Records from a data source:
· · ·
(* Let $M\ge1$, $\beta,\hat\beta>0$, and suppose $$\beta^{-1}>1+(M-1)\,m_0(\hat\beta)^2 .$$ Then the only solution $\mathbf{p}\in\mathbb{R}^M$ of $$\mathbf{p}=\big\langle \mathbf{s}\tanh(\beta\,\mathbf{s}\cdot\mathbf{p})\big\rangle_{\mathbf{s},\hat\beta}$$ is $\mathbf{p}=\mathbf{0}$, and consequently $m:=\langle\tanh(\beta\,\mathbf{s}\cdot\mathbf{p})\rangle_{\mathbf{s},\hat\beta}=0$.
   Context: $m_0(\hat\beta)$ is the largest nonnegative solution of $m=\tanh(\hat\beta m)$. $\langle\cdot\rangle_{\mathbf{s},\hat\beta}$ denotes expectation over $\mathbf{s}\in\{-1,1\}^M$ with i.i.d. entries of mean $m_0(\hat\beta)$, i.e. with weight $e^{\hat\beta m_0(\hat\beta)\sum_\mu s_\mu}/(2\cosh(\hat\beta m_0(\hat\beta)))^M$. This is the stationarity equation of $g(\mathbf{p};\hat\beta,\beta)=\log2-\beta|\mathbf{p}|^2/2+\langle\log\cosh(\beta\mathbf{s}\cdot\mathbf{p})\rangle_{\mathbf{s},\hat\beta}$. *)

theory Defs
  imports "HOL-Analysis.Analysis"
begin

definition m0 :: "real \<Rightarrow> real" where
  "m0 bh = (GREATEST m. 0 \<le> m \<and> m = tanh (bh * m))"

definition spins :: "(real ^ 'n::finite) set" where
  "spins = {s. \<forall>i. s $ i = 1 \<or> s $ i = -1}"

text \<open>Weight of a configuration under the i.i.d. measure with mean m0(bh).\<close>
definition spin_weight :: "real \<Rightarrow> real ^ 'n::finite \<Rightarrow> real" where
  "spin_weight bh s =
     exp (bh * m0 bh * (\<Sum>i\<in>UNIV. s $ i)) / (2 * cosh (bh * m0 bh)) ^ CARD('n)"

definition spin_avg :: "real \<Rightarrow> (real ^ 'n::finite \<Rightarrow> 'b::real_vector) \<Rightarrow> 'b" where
  "spin_avg bh f = (\<Sum>s\<in>spins. spin_weight bh s *\<^sub>R f s)"

end

theory Submission imports Defs "HOL-Library.FuncSet" begin

text \<open>Take the inner product of the fixed-point equation with \<open>p\<close>. Since \<open>x tanh(\<beta>x) \<le> \<beta>x\<^sup>2\<close>,
  this gives \<open>|p|\<^sup>2 \<le> \<beta>\<langle>(s\<cdot>p)\<^sup>2\<rangle>\<close>. The spins are independent with mean \<open>m\<^sub>0\<close>, so
  \<open>\<langle>(s\<cdot>p)\<^sup>2\<rangle> = m\<^sub>0\<^sup>2 (\<Sum>\<^sub>i p\<^sub>i)\<^sup>2 + (1 - m\<^sub>0\<^sup>2)|p|\<^sup>2\<close>, which by Cauchy-Schwarz is at most
  \<open>(1 + (M - 1) m\<^sub>0\<^sup>2)|p|\<^sup>2\<close>. The hypothesis makes the resulting factor \<open>\<beta>(1 + (M - 1) m\<^sub>0\<^sup>2)\<close>
  smaller than one, hence \<open>|p|\<^sup>2 = 0\<close>.\<close>

lemma tanh_real_le_self:
  fixes x :: real
  assumes "0 \<le> x"
  shows "tanh x \<le> x"
proof -
  have "(\<lambda>y. y - tanh y) 0 \<le> (\<lambda>y. y - tanh y) x"
  proof (rule DERIV_nonneg_imp_nondecreasing[OF assms])
    fix y :: real
    have "cosh y \<noteq> 0"
      by (metis cosh_real_pos less_irrefl)
    then have "((\<lambda>y. y - tanh y) has_real_derivative 1 - (1 - tanh y ^ 2)) (at y)"
      by (auto intro!: derivative_eq_intros)
    then show "\<exists>d. ((\<lambda>y. y - tanh y) has_real_derivative d) (at y) \<and> 0 \<le> d"
      by force
  qed
  then show ?thesis by simp
qed

lemma abs_tanh_real_le: "\<bar>tanh x\<bar> \<le> \<bar>x :: real\<bar>"
  by (metis tanh_real_abs tanh_real_le_self abs_ge_zero)

lemma mult_tanh_mult_le:
  fixes b x :: real
  assumes "0 \<le> b"
  shows "x * tanh (b * x) \<le> b * x\<^sup>2"
proof -
  have "x * tanh (b * x) \<le> \<bar>x\<bar> * \<bar>tanh (b * x)\<bar>"
    by (metis abs_ge_self abs_mult)
  also have "\<dots> \<le> \<bar>x\<bar> * \<bar>b * x\<bar>"
    by (simp add: abs_tanh_real_le mult_left_mono)
  also have "\<dots> = b * x\<^sup>2"
    using assms by (simp add: abs_mult power2_eq_square)
  finally show ?thesis .
qed

lemma m0_eq_tanh: "m0 bh = tanh (bh * m0 bh)"
proof -
  define S where "S = {m :: real. 0 \<le> m \<and> m = tanh (bh * m)}"
  have "closed S"
    unfolding S_def
    by (intro closed_Collect_conj closed_Collect_le closed_Collect_eq continuous_intros)
       (simp add: cosh_real_pos less_imp_neq[symmetric])
  moreover have "bdd_above S"
  proof (rule bdd_aboveI[of _ 1])
    fix m assume "m \<in> S"
    then have "m = tanh (bh * m)"
      by (simp add: S_def)
    then show "m \<le> 1"
      using tanh_real_lt_1[of "bh * m"] by linarith
  qed
  moreover have "0 \<in> S"
    by (simp add: S_def)
  ultimately have "Sup S \<in> S"
    using closed_contains_Sup by blast
  have "m0 bh \<in> S"
    unfolding m0_def
  proof (rule GreatestI2_order[of _ "Sup S"])
    show "0 \<le> Sup S \<and> Sup S = tanh (bh * Sup S)"
      using \<open>Sup S \<in> S\<close> by (simp add: S_def)
    show "m \<le> Sup S" if "0 \<le> m \<and> m = tanh (bh * m)" for m
      using cSup_upper[OF _ \<open>bdd_above S\<close>] that by (simp add: S_def)
    show "m \<in> S" if "0 \<le> m \<and> m = tanh (bh * m)" for m
      using that by (simp add: S_def)
  qed
  then show ?thesis
    by (simp add: S_def)
qed

lemma sum_spins_prod:
  fixes g :: "'n::finite \<Rightarrow> real \<Rightarrow> real"
  shows "(\<Sum>s\<in>(spins :: (real ^ 'n) set). \<Prod>i\<in>UNIV. g i (s $ i)) = (\<Prod>i\<in>UNIV. g i 1 + g i (-1))"
proof -
  have "(\<Prod>i\<in>UNIV. g i 1 + g i (-1)) = (\<Prod>i\<in>UNIV. \<Sum>y\<in>{1, -1}. g i y)"
    by simp
  also have "\<dots> = (\<Sum>f\<in>PiE UNIV (\<lambda>_. {1, -1}). \<Prod>i\<in>UNIV. g i (f i))"
    by (rule prod_sum_PiE) auto
  also have "\<dots> = (\<Sum>s\<in>(spins :: (real ^ 'n) set). \<Prod>i\<in>UNIV. g i (s $ i))"
    by (rule sum.reindex_bij_witness[of _ vec_nth vec_lambda])
       (auto simp: spins_def PiE_def extensional_def)
  finally show ?thesis by simp
qed

lemma spin_weight_eq_prod:
  "spin_weight bh (s :: real ^ 'n::finite) =
     (\<Prod>i\<in>UNIV. exp (bh * m0 bh * s $ i) / (2 * cosh (bh * m0 bh)))"
  by (simp add: spin_weight_def exp_sum prod_dividef sum_distrib_left)

lemma spin_weight_nonneg: "0 \<le> spin_weight bh s"
  by (simp add: spin_weight_def cosh_real_pos less_imp_le)

lemma site_weight_sum: "exp a / (2 * cosh a) + exp (a * -1) / (2 * cosh a) = (1 :: real)"
  using cosh_real_pos[of a] by (simp add: cosh_def add_divide_distrib[symmetric])

lemma site_weight_diff: "exp a / (2 * cosh a) - exp (a * -1) / (2 * cosh a) = tanh (a :: real)"
  by (simp add: tanh_def cosh_def sinh_def diff_divide_distrib[symmetric])

lemma spin_avg_sum:
  "spin_avg bh (\<lambda>s. \<Sum>i\<in>I. f i s) = (\<Sum>i\<in>I. spin_avg bh (f i))"
  unfolding spin_avg_def by (simp add: scaleR_sum_right sum.swap[of _ spins])

lemma spin_avg_scaleR: "spin_avg bh (\<lambda>s. c *\<^sub>R f s) = c *\<^sub>R spin_avg bh f"
  unfolding spin_avg_def by (simp add: scaleR_sum_right mult.commute)

lemma spin_avg_mono:
  assumes "\<And>s. s \<in> spins \<Longrightarrow> f s \<le> g s"
  shows "spin_avg bh f \<le> spin_avg bh (g :: real ^ 'n::finite \<Rightarrow> real)"
  unfolding spin_avg_def
  using assms by (auto intro!: sum_mono mult_left_mono spin_weight_nonneg)

lemma inner_spin_avg: "x \<bullet> spin_avg bh f = spin_avg bh (\<lambda>s. x \<bullet> f s)"
  unfolding spin_avg_def by (simp add: inner_sum_right)

lemma spin_avg_mult_spins:
  fixes i j :: "'n::finite"
  shows "spin_avg bh (\<lambda>s :: real ^ 'n. s $ i * s $ j) = (if i = j then 1 else (m0 bh)\<^sup>2)"
proof -
  define a where "a = bh * m0 bh"
  \<comment> \<open>The weight is a product over sites, so \<open>s\<^sub>i s\<^sub>j\<close> can be absorbed into the factors at \<open>i\<close> and \<open>j\<close>.\<close>
  define g where "g k x = exp (a * x) / (2 * cosh a) * (if k = i then x else 1) * (if k = j then x else 1)"
    for k x
  have "(\<Prod>k\<in>UNIV. g k (s $ k)) = spin_weight bh s * (s $ i * s $ j)" for s :: "real ^ 'n"
    unfolding g_def spin_weight_eq_prod a_def by (simp only: prod.distrib prod.delta finite UNIV_I if_True mult.assoc)
  then have "spin_avg bh (\<lambda>s :: real ^ 'n. s $ i * s $ j) = (\<Sum>s\<in>(spins :: (real ^ 'n) set). \<Prod>k\<in>UNIV. g k (s $ k))"
    by (simp add: spin_avg_def)
  also have "\<dots> = (\<Prod>k\<in>UNIV. g k 1 + g k (-1))"
    by (rule sum_spins_prod)
  also have "\<dots> = (\<Prod>k\<in>UNIV. if k = i \<and> k = j then 1 else if k = i \<or> k = j then tanh a else 1)"
    using site_weight_sum[of a] site_weight_diff[of a]
    by (intro prod.cong) (auto simp: g_def)
  also have "\<dots> = (if i = j then 1 else tanh a ^ 2)"
  proof (cases "i = j")
    case True
    then have "\<forall>k. (if k = i \<and> k = j then 1 else if k = i \<or> k = j then tanh a else 1) = 1"
      by simp
    with True show ?thesis
      by simp
  next
    case False
    then have "- {k. k = i \<and> k = j} \<inter> {k. k = i \<or> k = j} = {i, j}"
      by auto
    with False show ?thesis
      by (simp add: prod.If_cases power2_eq_square)
  qed
  also have "\<dots> = (if i = j then 1 else (m0 bh)\<^sup>2)"
    using m0_eq_tanh[of bh] by (simp add: a_def)
  finally show ?thesis .
qed

lemma spin_avg_inner_square:
  fixes p :: "real ^ 'n::finite"
  shows "spin_avg bh (\<lambda>s. (s \<bullet> p)\<^sup>2) = (m0 bh)\<^sup>2 * (\<Sum>i\<in>UNIV. p $ i)\<^sup>2 + (1 - (m0 bh)\<^sup>2) * (p \<bullet> p)"
proof -
  have square_expand: "(s \<bullet> p)\<^sup>2 = (\<Sum>i\<in>UNIV. \<Sum>j\<in>UNIV. (p $ i * p $ j) *\<^sub>R (s $ i * s $ j))" for s :: "real ^ 'n"
    by (simp add: inner_vec_def power2_eq_square sum_product algebra_simps)
  have "spin_avg bh (\<lambda>s. (s \<bullet> p)\<^sup>2)
      = (\<Sum>i\<in>UNIV. \<Sum>j\<in>UNIV. p $ i * p $ j * (if i = j then 1 else (m0 bh)\<^sup>2))"
    by (simp only: square_expand spin_avg_sum spin_avg_scaleR) (simp add: spin_avg_mult_spins)
  also have "\<dots> = (\<Sum>i\<in>UNIV. \<Sum>j\<in>UNIV. (m0 bh)\<^sup>2 * (p $ i * p $ j) + (if i = j then (1 - (m0 bh)\<^sup>2) * (p $ i * p $ j) else 0))"
    by (intro sum.cong refl) (auto simp: algebra_simps)
  also have "\<dots> = (m0 bh)\<^sup>2 * (\<Sum>i\<in>UNIV. p $ i)\<^sup>2 + (1 - (m0 bh)\<^sup>2) * (p \<bullet> p)"
    by (simp add: sum.distrib sum_distrib_left[symmetric] inner_vec_def power2_eq_square sum_product)
  finally show ?thesis .
qed

lemma square_sum_le_card_inner:
  fixes x :: "real ^ 'n::finite"
  shows "(\<Sum>i\<in>UNIV. x $ i)\<^sup>2 \<le> real CARD('n) * (x \<bullet> x)"
  using Cauchy_Schwarz_ineq[of "\<chi> i. 1" x] by (simp add: inner_vec_def)

lemma spin_avg_inner_square_le:
  fixes p :: "real ^ 'n::finite"
  shows "spin_avg bh (\<lambda>s. (s \<bullet> p)\<^sup>2) \<le> (1 + (real CARD('n) - 1) * (m0 bh)\<^sup>2) * (p \<bullet> p)"
  using mult_left_mono[OF square_sum_le_card_inner[of p], of "(m0 bh)\<^sup>2"]
  by (simp add: spin_avg_inner_square algebra_simps)

theorem proposition5:
  fixes \<beta> bh :: real and p :: "real ^ 'n::finite"
  assumes "\<beta> > 0" and "bh > 0"
    and "1 / \<beta> > 1 + (real CARD('n) - 1) * (m0 bh)\<^sup>2"
    and "p = spin_avg bh (\<lambda>s. tanh (\<beta> * (s \<bullet> p)) *\<^sub>R s)"
  shows "p = 0 \<and> spin_avg bh (\<lambda>s. tanh (\<beta> * (s \<bullet> p))) = 0"
proof -
  define K where "K = 1 + (real CARD('n) - 1) * (m0 bh)\<^sup>2"
  have "p \<bullet> p = p \<bullet> spin_avg bh (\<lambda>s. tanh (\<beta> * (s \<bullet> p)) *\<^sub>R s)"
    using assms(4) by (rule arg_cong)
  also have "\<dots> = spin_avg bh (\<lambda>s. (s \<bullet> p) * tanh (\<beta> * (s \<bullet> p)))"
    by (simp add: inner_spin_avg inner_commute mult.commute)
  also have "\<dots> \<le> spin_avg bh (\<lambda>s. \<beta> *\<^sub>R (s \<bullet> p)\<^sup>2)"
    using assms(1) by (intro spin_avg_mono) (simp add: mult_tanh_mult_le)
  also have "\<dots> = \<beta> *\<^sub>R spin_avg bh (\<lambda>s. (s \<bullet> p)\<^sup>2)"
    by (rule spin_avg_scaleR)
  also have "\<dots> \<le> \<beta> * (K * (p \<bullet> p))"
    unfolding K_def real_scaleR_def using assms(1) by (intro mult_left_mono spin_avg_inner_square_le) simp
  finally have "(1 - \<beta> * K) * (p \<bullet> p) \<le> 0"
    by (simp add: algebra_simps)
  moreover have "\<beta> * K < 1"
    using assms(1,3) by (simp add: K_def field_simps)
  ultimately have "p \<bullet> p = 0"
    using inner_ge_zero[of p] by (simp add: mult_le_0_iff)
  then show ?thesis
    by (simp add: spin_avg_def)
qed

end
· · ·
What you need to do:
The answer must be every line of the data that contains the word "metis".

Exercise result:
      by (metis cosh_real_pos less_irrefl)
  by (metis tanh_real_abs tanh_real_le_self abs_ge_zero)
    by (metis abs_ge_self abs_mult)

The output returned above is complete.